- Goal of the exercise: Only the lines of the data below from the one with "by (rule continuous_imp_measurable_on_sets_lebesgue[OF" through the one with "by (rule C(1))" are wanted. Repeat them exactly.

- Supplied records:
(* Let $\Omega\subset\mathbb{R}^n$ be a bounded smooth domain and $u\in C^\infty(\bar\Omega)$ with $u>0$, $|\nabla u|<1$, such that $p(x)=\frac12(|x|^2-u(x)^2)$ is strictly convex, and let $y=\nabla p(x)=x-u(x)\nabla u(x)$, $x\in\Omega$, be one-to-one on $\Omega$, with image $\Omega^*=y(\Omega)$. Define $v$ on $\Omega^*$ by $v(y)=u(x)\sqrt{1-|\nabla u(x)|^2}$ and the Legendre transform $q(y)=x\cdot y-p(x)$. Then $q(y)=\frac12(|y|^2+v(y)^2)$. Moreover $\sqrt{1+|\nabla v(y)|^2}=(1-|\nabla u(x)|^2)^{-1/2}$ and $u(x)=v(y)\sqrt{1+|\nabla v(y)|^2}$. Also $x=\nabla q(y)$, $(q_{ij}(y))=(p_{ij}(x))^{-1}$, and the inverse $L^*$ of the map $L(x,u(x))=(x-u\nabla u,\ u\sqrt{1-|\nabla u|^2})$ is given by $L^*(y,v(y))=(x,u(x))$. *)

theory Defs
  imports "HOL-Analysis.Analysis"
begin

definition partial :: "'n \<Rightarrow> (real^'n \<Rightarrow> real) \<Rightarrow> real^'n \<Rightarrow> real" where
  "partial i f x = (SOME d. ((\<lambda>t. f (x + t *\<^sub>R axis i 1)) has_real_derivative d) (at 0))"

definition grad :: "(real^'n \<Rightarrow> real) \<Rightarrow> real^'n \<Rightarrow> real^'n" where
  "grad f x = (\<chi> i. partial i f x)"

definition hess :: "(real^'n \<Rightarrow> real) \<Rightarrow> real^'n \<Rightarrow> real^'n^'n" where
  "hess f x = (\<chi> i j. partial j (partial i f) x)"

fun Ck_on :: "nat \<Rightarrow> (real^'n) set \<Rightarrow> (real^'n \<Rightarrow> real) \<Rightarrow> bool" where
  "Ck_on 0 U f = continuous_on U f"
| "Ck_on (Suc k) U f = (continuous_on U f \<and> (\<forall>x\<in>U. f differentiable (at x))
       \<and> (\<forall>i. Ck_on k U (partial i f)))"

definition smooth_on :: "(real^'n) set \<Rightarrow> (real^'n \<Rightarrow> real) \<Rightarrow> bool" where
  "smooth_on U f = (open U \<and> (\<forall>k. Ck_on k U f))"

definition bounded_smooth_domain :: "(real^'n) set \<Rightarrow> bool" where
  "bounded_smooth_domain \<Omega> = (open \<Omega> \<and> connected \<Omega> \<and> bounded \<Omega> \<and> \<Omega> \<noteq> {} \<and>
     (\<exists>\<rho>. smooth_on UNIV \<rho> \<and> \<Omega> = {x. \<rho> x < 0} \<and> (\<forall>x\<in>frontier \<Omega>. grad \<rho> x \<noteq> 0)))"

definition Lmap :: "(real^'n \<Rightarrow> real) \<Rightarrow> real^'n \<Rightarrow> (real^'n) \<times> real" where
  "Lmap u x = (x - u x *\<^sub>R grad u x, u x * sqrt (1 - (norm (grad u x))\<^sup>2))"

definition Lstar :: "(real^'n \<Rightarrow> real) \<Rightarrow> real^'n \<Rightarrow> (real^'n) \<times> real" where
  "Lstar v y = (y + v y *\<^sub>R grad v y, v y * sqrt (1 + (norm (grad v y))\<^sup>2))"

end

theory Submission
  imports Defs
begin

text \<open>Because \<open>\<nabla>p = y\<close> and \<open>p\<close> is strictly convex, the map \<open>y\<close> has invertible derivative;
  being also continuous and injective, it is a homeomorphism onto the open set \<open>\<Omega>*\<close>
  (invariance of domain) whose inverse is differentiable. Differentiating
  \<open>q(y(x)) = x\<cdot>y(x) - p(x)\<close> through this inverse gives \<open>\<nabla>q = y\<^sup>-\<^sup>1\<close>, and then
  \<open>(q\<^sub>i\<^sub>j) = (p\<^sub>i\<^sub>j)\<^sup>-\<^sup>1\<close>. The identity \<open>q = (|y|\<^sup>2 + v\<^sup>2)/2\<close> is pure algebra, so
  \<open>v = \<surd>(2q - |y|\<^sup>2)\<close> on \<open>\<Omega>*\<close> and \<open>\<nabla>v = (x - y)/v = \<nabla>u/\<surd>(1 - |\<nabla>u|\<^sup>2)\<close>, from which the
  remaining formulas follow.\<close>

lemma partial_eq_of_has_derivative:
  assumes "(f has_derivative f') (at x)"
  shows "partial i f x = f' (axis i 1)"
proof -
  have "((\<lambda>t::real. x + t *\<^sub>R axis i 1) has_derivative (\<lambda>t. t *\<^sub>R axis i 1)) (at 0)"
    by (auto intro!: derivative_eq_intros)
  from has_derivative_compose[OF this] assms
  have "((\<lambda>t. f (x + t *\<^sub>R axis i 1)) has_derivative (\<lambda>t. f' (t *\<^sub>R axis i 1))) (at 0)"
    by simp
  then have d: "((\<lambda>t. f (x + t *\<^sub>R axis i 1)) has_real_derivative f' (axis i 1)) (at 0)"
    by (rule has_derivative_imp_has_field_derivative)
       (simp add: linear_cmul[OF has_derivative_linear[OF assms]])
  show ?thesis
    unfolding partial_def by (rule some_equality) (use d DERIV_unique in blast)+
qed

lemma linear_eq_inner_axis:
  fixes f :: "real^'n \<Rightarrow> real"
  assumes "linear f"
  shows "f h = (\<chi> i. f (axis i 1)) \<bullet> h"
proof -
  have "f h = f (\<Sum>i\<in>UNIV. h$i *\<^sub>R axis i 1)"
    using basis_expansion[of h] by (simp add: scalar_mult_eq_scaleR)
  also have "\<dots> = (\<Sum>i\<in>UNIV. h$i * f (axis i 1))"
    using assms by (simp add: linear_sum linear_cmul)
  finally show ?thesis by (simp add: inner_vec_def mult.commute)
qed

lemma grad_eq_of_has_derivative:
  assumes "(f has_derivative (\<lambda>h. a \<bullet> h)) (at x)"
  shows "grad f x = a"
  using partial_eq_of_has_derivative[OF assms] by (simp add: grad_def vec_eq_iff inner_axis)

lemma has_derivative_grad:
  fixes f :: "real^'n \<Rightarrow> real"
  assumes "f differentiable (at x)"
  shows "(f has_derivative (\<lambda>h. grad f x \<bullet> h)) (at x)"
proof -
  obtain D where D: "(f has_derivative D) (at x)"
    using assms differentiable_def by blast
  have "grad f x = (\<chi> i. D (axis i 1))"
    using partial_eq_of_has_derivative[OF D] by (simp add: grad_def)
  then have "D = (\<lambda>h. grad f x \<bullet> h)"
    by (metis linear_eq_inner_axis[OF has_derivative_linear[OF D]])
  with D show ?thesis by simp
qed

lemma has_derivative_vec_component:
  fixes F :: "real^'n \<Rightarrow> real^'m"
  shows "(F has_derivative F') (at x) \<longleftrightarrow> (\<forall>i. ((\<lambda>z. F z $ i) has_derivative (\<lambda>h. F' h $ i)) (at x))"
  unfolding has_derivative_componentwise_within[of F F' x UNIV]
  by (auto simp: Basis_vec_def inner_axis)

lemma grad_differentiable:
  fixes f :: "real^'n \<Rightarrow> real"
  assumes "\<And>i. partial i f differentiable (at x)"
  shows "grad f differentiable (at x)"
proof -
  have "(grad f has_derivative (\<lambda>h. \<chi> i. grad (partial i f) x \<bullet> h)) (at x)"
    unfolding has_derivative_vec_component
    using has_derivative_grad[OF assms] by (simp add: grad_def)
  then show ?thesis by (rule differentiableI)
qed

lemma hess_eq_matrix_of_grad_has_derivative:
  assumes "open S" "x \<in> S" "\<And>z. z \<in> S \<Longrightarrow> grad f z = F z"
    and "(F has_derivative F') (at x)"
  shows "hess f x = matrix F'"
    and "partial i f differentiable (at x)"
proof -
  have D: "\<And>i. ((partial i f) has_derivative (\<lambda>h. F' h $ i)) (at x)"
    by (rule has_derivative_transform_within_open[OF _ assms(1,2)])
       (use assms(3,4) in \<open>auto simp: has_derivative_vec_component grad_def vec_eq_iff\<close>)
  show "hess f x = matrix F'"
    using partial_eq_of_has_derivative[OF D] by (simp add: hess_def matrix_def)
  show "partial i f differentiable (at x)"
    using D by (rule differentiableI)
qed

lemma matrix_inv_eq:
  fixes A B :: "real^'n^'n"
  assumes "A ** B = mat 1" "B ** A = mat 1"
  shows "matrix_inv A = B"
proof -
  let ?C = "matrix_inv A"
  have C: "A ** ?C = mat 1 \<and> ?C ** A = mat 1"
    unfolding matrix_inv_def by (rule someI[of _ B]) (use assms in blast)
  have "?C = ?C ** (A ** B)" using assms by (simp add: matrix_mul_rid)
  also have "\<dots> = B" using C by (simp add: matrix_mul_assoc matrix_mul_lid)
  finally show ?thesis .
qed

lemma inj_of_positive_definite_matrix:
  fixes f :: "real^'n \<Rightarrow> real^'n"
  assumes "linear f" "\<And>h. h \<noteq> 0 \<Longrightarrow> h \<bullet> (matrix f *v h) > 0"
  shows "inj f"
proof -
  have "h = 0" if "f h = 0" for h
  proof (rule ccontr)
    assume "h \<noteq> 0"
    then have "h \<bullet> (matrix f *v h) > 0" by (rule assms(2))
    moreover have "matrix f *v h = f h"
      by (rule fun_cong[OF matrix_vector_mul(2)[OF assms(1)]])
    ultimately show False using that by simp
  qed
  then show ?thesis using assms(1) linear_inj_iff_eq_0 by blast
qed

lemma has_derivative_inv_into:
  fixes f :: "'a::euclidean_space \<Rightarrow> 'a"
  assumes "open S" "x \<in> S" "continuous_on S f" "inj_on f S"
    and "(f has_derivative f') (at x)" "inj f'"
  obtains g' where "linear g'" "f' \<circ> g' = id" "g' \<circ> f' = id"
    "(inv_into S f has_derivative g') (at (f x))"
proof -
  have lin: "linear f'" using assms(5) has_derivative_linear by blast
  obtain g' where g': "linear g'" "g' \<circ> f' = id"
    using linear_injective_left_inverse[OF lin assms(6)] by blast
  then have f'g': "f' \<circ> g' = id" using linear_inverse_left lin by blast
  have "\<And>z. z \<in> S \<Longrightarrow> inv_into S f (f z) = z" using assms(4) by simp
  from has_derivative_inverse_strong[OF assms(1-3) this assms(5) f'g']
  show ?thesis by (rule that[OF g'(1) f'g' g'(2)])
qed

lemma has_derivative_half_norm_sq_diff:
  fixes u :: "'a::real_inner \<Rightarrow> real"
  assumes "(u has_derivative (\<lambda>h. a \<bullet> h)) (at x)"
  shows "((\<lambda>z. ((norm z)\<^sup>2 - (u z)\<^sup>2) / 2) has_derivative (\<lambda>h. (x - u x *\<^sub>R a) \<bullet> h)) (at x)"
proof -
  have "((\<lambda>z. z \<bullet> z) has_derivative (\<lambda>h. x \<bullet> h + h \<bullet> x)) (at x)"
    using has_derivative_inner[OF has_derivative_ident has_derivative_ident, of x UNIV] by simp
  moreover have "((\<lambda>z. u z * u z) has_derivative (\<lambda>h. u x * (a \<bullet> h) + (a \<bullet> h) * u x)) (at x)"
    using has_derivative_mult[OF assms assms] by simp
  ultimately have "((\<lambda>z. (z \<bullet> z - u z * u z) * (1/2)) has_derivative
      (\<lambda>h. ((x \<bullet> h + h \<bullet> x) - (u x * (a \<bullet> h) + (a \<bullet> h) * u x)) * (1/2))) (at x)"
    by (intro has_derivative_mult_left has_derivative_diff)
  moreover have "(\<lambda>h. ((x \<bullet> h + h \<bullet> x) - (u x * (a \<bullet> h) + (a \<bullet> h) * u x)) * (1/2))
      = (\<lambda>h. (x - u x *\<^sub>R a) \<bullet> h)"
    by (simp add: fun_eq_iff inner_diff_left inner_commute algebra_simps)
  ultimately show ?thesis
    by (simp add: power2_norm_eq_inner power2_eq_square[of "u _"])
qed

lemma C2_half_norm_sq_diff_gradient:
  fixes u :: "real^'n \<Rightarrow> real"
  assumes "Ck_on 2 U u" "x \<in> U"
  shows "((\<lambda>z. ((norm z)\<^sup>2 - (u z)\<^sup>2) / 2) has_derivative (\<lambda>h. (x - u x *\<^sub>R grad u x) \<bullet> h)) (at x)"
    and "(\<lambda>z. z - u z *\<^sub>R grad u z) differentiable (at x)"
proof -
  have "u differentiable (at x)" "grad u differentiable (at x)"
    using assms by (auto simp: numeral_2_eq_2 intro!: grad_differentiable)
  then show "((\<lambda>z. ((norm z)\<^sup>2 - (u z)\<^sup>2) / 2) has_derivative (\<lambda>h. (x - u x *\<^sub>R grad u x) \<bullet> h)) (at x)"
    and "(\<lambda>z. z - u z *\<^sub>R grad u z) differentiable (at x)"
    by (auto intro: has_derivative_half_norm_sq_diff has_derivative_grad
        differentiable_diff differentiable_scaleR differentiable_ident)
qed

lemma has_derivative_of_two_mul_eq_norm_sq_add_sq:
  fixes q v :: "'a::real_inner \<Rightarrow> real"
  assumes "open V" "y \<in> V"
    and "\<And>z. z \<in> V \<Longrightarrow> 2 * q z = (norm z)\<^sup>2 + (v z)\<^sup>2" "\<And>z. z \<in> V \<Longrightarrow> 0 < v z"
    and "(q has_derivative (\<lambda>h. x \<bullet> h)) (at y)"
  shows "(v has_derivative (\<lambda>h. (inverse (v y) *\<^sub>R (x - y)) \<bullet> h)) (at y)"
proof -
  have v_eq: "v z = sqrt (2 * q z - z \<bullet> z)" if "z \<in> V" for z
    using assms(3,4)[OF that] by (simp add: power2_norm_eq_inner)
  have pos: "0 < 2 * q y - y \<bullet> y"
    using assms(3,4)[OF assms(2)] by (simp add: power2_norm_eq_inner)
  have "((\<lambda>z. 2 * q z - z \<bullet> z) has_derivative (\<lambda>h. 2 * (x \<bullet> h) - (y \<bullet> h + h \<bullet> y))) (at y)"
    using has_derivative_diff[OF has_derivative_mult_right[OF assms(5), of 2]
        has_derivative_inner[OF has_derivative_ident has_derivative_ident, of y UNIV]] by simp
  from DERIV_compose_FDERIV[OF DERIV_real_sqrt[OF pos] this]
  have "((\<lambda>z. sqrt (2 * q z - z \<bullet> z)) has_derivative
      (\<lambda>h. (2 * (x \<bullet> h) - (y \<bullet> h + h \<bullet> y)) * (inverse (v y) / 2))) (at y)"
    unfolding v_eq[OF assms(2), symmetric] .
  moreover have "(\<lambda>h. (2 * (x \<bullet> h) - (y \<bullet> h + h \<bullet> y)) * (inverse (v y) / 2))
      = (\<lambda>h. (inverse (v y) *\<^sub>R (x - y)) \<bullet> h)"
    by (simp add: fun_eq_iff inner_diff_left inner_commute algebra_simps)
  ultimately show ?thesis
    using assms(1,2) v_eq by (auto intro: has_derivative_transform_within_open)
qed
lemma integral_atLeast_has_vector_derivative:
  fixes k :: "real \<Rightarrow> 'a::banach"
  assumes cont: "continuous_on UNIV k" and int: "\<And>u. k integrable_on {u..}"
  shows "((\<lambda>u. integral {u..} k) has_vector_derivative - k t) (at t)"
proof -
  have "((\<lambda>u. integral {t - 1..} k - integral {t - 1..u} k) has_vector_derivative 0 - k t) (at t)"
    by (intro has_vector_derivative_diff has_vector_derivative_const
        integral_has_vector_derivative_at[OF cont]) simp
  then have "((\<lambda>u. integral {t - 1..} k - integral {t - 1..u} k) has_vector_derivative - k t) (at t)"
    by simp
  then show ?thesis
  proof (rule has_vector_derivative_transform_within_open[of _ _ _ "{t - 1<..}"])
    show "integral {t - 1..} k - integral {t - 1..y} k = integral {y..} k" if "y \<in> {t - 1<..}" for y
      using integral_atLeast_split[OF cont int, of "t - 1" y] that by simp
  qed auto
qed

lemma continuous_on_shift_second:
  fixes f :: "real \<Rightarrow> 'a::real_normed_vector \<Rightarrow> 'b::topological_space"
  assumes "continuous_on UNIV (\<lambda>(t, x). f t x)" "continuous_on UNIV y"
  shows "continuous_on UNIV (\<lambda>(t, x). f t (y t + x))"
proof -
  have "continuous_on UNIV (\<lambda>p. (fst p, y (fst p) + snd p))"
    by (intro continuous_intros continuous_on_compose2[OF assms(2)]) auto
  then show ?thesis
    using continuous_on_compose2[OF assms(1)] by (fastforce simp: case_prod_beta)
qed

lemma continuous_bounded_by_integrable_imp_integrable:
  fixes f :: "'a::euclidean_space \<Rightarrow> 'b::euclidean_space"
  assumes "continuous_on UNIV f" "g integrable_on S" "\<And>x. x \<in> S \<Longrightarrow> norm (f x) \<le> g x"
    and "S \<in> sets lebesgue"
  shows "f integrable_on S"
proof (rule measurable_bounded_by_integrable_imp_integrable[OF _ assms(2,3,4)])
  show "f \<in> borel_measurable (lebesgue_on S)"
    by (rule continuous_imp_measurable_on_sets_lebesgue[OF continuous_on_subset[OF assms(1)] assms(4)])
      simp
qed

locale evolution_operator =
  fixes A :: "real \<Rightarrow> real^'n^'n"
    and T :: "real \<Rightarrow> real \<Rightarrow> real^'n^'n"
  assumes A_bounded: "bounded (range A)"
    and T_self: "\<And>s. T s s = mat 1"
    and T_has_derivative: "\<And>t s. ((\<lambda>t. T t s) has_vector_derivative (A t ** T t s)) (at t)"
begin

definition hom_solution :: "(real \<Rightarrow> real^'n) \<Rightarrow> bool" where
  "hom_solution x \<longleftrightarrow> (\<forall>t. (x has_vector_derivative A t *v x t) (at t))"

lemma hom_solution_T: "hom_solution (\<lambda>t. T t s *v v)"
  unfolding hom_solution_def
  using bounded_linear.has_vector_derivative[OF
      bounded_bilinear.bounded_linear_left[OF bounded_bilinear_matrix_vector_mult] T_has_derivative]
  by (simp add: matrix_vector_mul_assoc)

lemma hom_solution_diff: "hom_solution x \<Longrightarrow> hom_solution y \<Longrightarrow> hom_solution (\<lambda>t. x t - y t)"
  unfolding hom_solution_def
  by (auto intro!: has_vector_derivative_diff simp: matrix_vector_mult_diff_distrib)

lemma A_apply_bound:
  obtains M where "\<And>t x. norm (A t *v x) \<le> M * norm x"
proof -
  obtain B where B: "\<And>t. norm (A t) \<le> B"
    using A_bounded by (auto simp: bounded_iff)
  obtain C where C: "\<And>M x. norm ((M::real^'n^'n) *v x) \<le> norm M * norm x * C" "C > 0"
    using bounded_bilinear.pos_bounded[OF bounded_bilinear_matrix_vector_mult] by blast
  have "norm (A t *v x) \<le> (B * C) * norm x" for t x
  proof -
    have "norm (A t *v x) \<le> norm (A t) * norm x * C" by (rule C(1))
    also have "\<dots> \<le> B * norm x * C" using B C(2) by (intro mult_right_mono) auto
    finally show ?thesis by (simp add: mult_ac)
  qed
  then show ?thesis by (rule that)
qed

lemma hom_solution_growth:
  obtains M where "\<And>x t s. hom_solution x \<Longrightarrow> norm (x t) \<le> exp (M * \<bar>t - s\<bar>) * norm (x s)"
proof -
  obtain M where "\<And>t x. norm (A t *v x) \<le> M * norm x"
    by (rule A_apply_bound) blast
  then show ?thesis
    by (intro that norm_le_exp_abs_of_derivative_bound) (auto simp: hom_solution_def)
qed

lemma hom_solution_eq_T: "hom_solution x \<Longrightarrow> x t = T t s *v x s"
proof -
  assume "hom_solution x"
  then have "hom_solution (\<lambda>t. x t - T t s *v x s)"
    by (intro hom_solution_diff hom_solution_T)
  moreover obtain M where "\<And>x t s. hom_solution x \<Longrightarrow> norm (x t) \<le> exp (M * \<bar>t - s\<bar>) * norm (x s)"
    by (rule hom_solution_growth) blast
  ultimately have "norm (x t - T t s *v x s) \<le> exp (M * \<bar>t - s\<bar>) * norm (x s - T s s *v x s)"
    by blast
  then show "x t = T t s *v x s" by (simp add: T_self)
qed

lemma T_cocycle: "T t s *v (T s r *v v) = T t r *v v"
  using hom_solution_eq_T[OF hom_solution_T, of t r v s] by simp

lemma continuous_on_T_first: "continuous_on UNIV (\<lambda>t. T t s *v v)"
  using hom_solution_T[of s v] unfolding hom_solution_def
  by (intro continuous_at_imp_continuous_on ballI has_vector_derivative_continuous) blast

lemma continuous_on_T_second:
  assumes "continuous_on UNIV F"
  shows "continuous_on UNIV (\<lambda>s. T t s *v F s)"
proof (intro continuous_at_imp_continuous_on ballI)
  fix s\<^sub>0 :: real
  obtain M where M: "\<And>x t s. hom_solution x \<Longrightarrow> norm (x t) \<le> exp (M * \<bar>t - s\<bar>) * norm (x s)"
    by (rule hom_solution_growth) blast
  define g where "g s = exp (M * \<bar>t - s\<bar>) * norm (F s - T s s\<^sub>0 *v F s\<^sub>0)" for s
  \<comment> \<open>No derivative in \<open>s\<close> is assumed: the cocycle identity and the growth estimate
    bound \<open>T t s\<close> locally in \<open>s\<close>.\<close>
  have "((\<lambda>s. T t s *v F s - T t s\<^sub>0 *v F s\<^sub>0) \<longlongrightarrow> 0) (at s\<^sub>0)"
  proof (rule Lim_null_comparison)
    show "\<forall>\<^sub>F s in at s\<^sub>0. norm (T t s *v F s - T t s\<^sub>0 *v F s\<^sub>0) \<le> g s"
    proof (intro always_eventually allI)
      fix s
      have "T t s *v F s - T t s\<^sub>0 *v F s\<^sub>0 = T t s *v (F s - T s s\<^sub>0 *v F s\<^sub>0)"
        by (simp add: matrix_vector_mult_diff_distrib T_cocycle)
      then show "norm (T t s *v F s - T t s\<^sub>0 *v F s\<^sub>0) \<le> g s"
        using M[OF hom_solution_T, of t s "F s - T s s\<^sub>0 *v F s\<^sub>0" s] by (simp add: g_def T_self)
    qed
    have "isCont g s\<^sub>0"
      unfolding g_def
      using assms continuous_on_T_first[of s\<^sub>0 "F s\<^sub>0"]
      by (intro continuous_intros) (auto simp: continuous_on_eq_continuous_at)
    then show "(g \<longlongrightarrow> 0) (at s\<^sub>0)"
      by (simp add: isCont_def g_def T_self)
  qed
  then show "isCont (\<lambda>s. T t s *v F s) s\<^sub>0"
    unfolding isCont_def by (rule LIM_zero_cancel)
qed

- Answer section:
    by (rule continuous_imp_measurable_on_sets_lebesgue[OF continuous_on_subset[OF assms(1)] assms(4)])
      simp
qed

locale evolution_operator =
  fixes A :: "real \<Rightarrow> real^'n^'n"
    and T :: "real \<Rightarrow> real \<Rightarrow> real^'n^'n"
  assumes A_bounded: "bounded (range A)"
    and T_self: "\<And>s. T s s = mat 1"
    and T_has_derivative: "\<And>t s. ((\<lambda>t. T t s) has_vector_derivative (A t ** T t s)) (at t)"
begin

definition hom_solution :: "(real \<Rightarrow> real^'n) \<Rightarrow> bool" where
  "hom_solution x \<longleftrightarrow> (\<forall>t. (x has_vector_derivative A t *v x t) (at t))"

lemma hom_solution_T: "hom_solution (\<lambda>t. T t s *v v)"
  unfolding hom_solution_def
  using bounded_linear.has_vector_derivative[OF
      bounded_bilinear.bounded_linear_left[OF bounded_bilinear_matrix_vector_mult] T_has_derivative]
  by (simp add: matrix_vector_mul_assoc)

lemma hom_solution_diff: "hom_solution x \<Longrightarrow> hom_solution y \<Longrightarrow> hom_solution (\<lambda>t. x t - y t)"
  unfolding hom_solution_def
  by (auto intro!: has_vector_derivative_diff simp: matrix_vector_mult_diff_distrib)

lemma A_apply_bound:
  obtains M where "\<And>t x. norm (A t *v x) \<le> M * norm x"
proof -
  obtain B where B: "\<And>t. norm (A t) \<le> B"
    using A_bounded by (auto simp: bounded_iff)
  obtain C where C: "\<And>M x. norm ((M::real^'n^'n) *v x) \<le> norm M * norm x * C" "C > 0"
    using bounded_bilinear.pos_bounded[OF bounded_bilinear_matrix_vector_mult] by blast
  have "norm (A t *v x) \<le> (B * C) * norm x" for t x
  proof -
    have "norm (A t *v x) \<le> norm (A t) * norm x * C" by (rule C(1))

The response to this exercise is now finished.